Directions:
A verbatim copy of the line containing "A \<inter> B \<in> U)" and all lines after it, up to and including the final line of the records, is the only acceptable output.
[Task material — start]
(* (a) There are $2^{\mathfrak c}$ ultrafilters $x\in\beta\mathbb{N}$ that are not on finite levels, i.e. $x\notin\bigcup_{i=0}^\infty\overline{L_i}$. (b) There are $2^{\mathfrak c}$ ultrafilters that are irreducible in $\beta\mathbb{N}$ and not on finite levels. (c) $\bigcup_{i=0}^\infty\overline{L_i}\neq\overline{\bigcup_{i=0}^\infty L_i}$.
   Context: $\mathbb{N}=\{1,2,3,\dots\}$; $\beta\mathbb{N}$ is the set of ultrafilters on $\mathbb{N}$ (Stone–Čech compactification, naturals identified with principal ultrafilters), with multiplication: $A\in xy$ iff $\{n:A/n\in y\}\in x$, $A/n=\{m:mn\in A\}$. For $A\subseteq\mathbb{N}$, $\overline{A}=\{x\in\beta\mathbb{N}:A\in x\}$. $P$ is the set of primes, $L_0=\{1\}$, $L_n=\{a_1\cdots a_n:a_i\in P\}$. An ultrafilter is on a finite level if it lies in $\overline{L_i}$ for some $i\ge0$. $\mathfrak c=|\mathbb{R}|$. Irreducible: not of the form $yz$ with $y,z\in\beta\mathbb{N}\setminus\{1\}$. *)

theory Defs
  imports Complex_Main "HOL-Library.Equipollence" "HOL-Computational_Algebra.Primes"
begin

definition Npos :: "nat set" where "Npos = {1..}"

definition is_uf :: "nat set set \<Rightarrow> bool" where
  "is_uf U \<longleftrightarrow> (\<forall>A\<in>U. A \<subseteq> Npos) \<and> Npos \<in> U \<and> {} \<notin> U
     \<and> (\<forall>A B. A \<in> U \<longrightarrow> B \<in> U \<longrightarrow> A \<inter> B \<in> U)
     \<and> (\<forall>A B. A \<in> U \<longrightarrow> A \<subseteq> B \<longrightarrow> B \<subseteq> Npos \<longrightarrow> B \<in> U)
     \<and> (\<forall>A. A \<subseteq> Npos \<longrightarrow> A \<in> U \<or> Npos - A \<in> U)"

definition betaN :: "nat set set set" where "betaN = {U. is_uf U}"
[Task material — finish]
Answer space:
     \<and> (\<forall>A B. A \<in> U \<longrightarrow> B \<in> U \<longrightarrow> A \<inter> B \<in> U)
     \<and> (\<forall>A B. A \<in> U \<longrightarrow> A \<subseteq> B \<longrightarrow> B \<subseteq> Npos \<longrightarrow> B \<in> U)
     \<and> (\<forall>A. A \<subseteq> Npos \<longrightarrow> A \<in> U \<or> Npos - A \<in> U)"

definition betaN :: "nat set set set" where "betaN = {U. is_uf U}"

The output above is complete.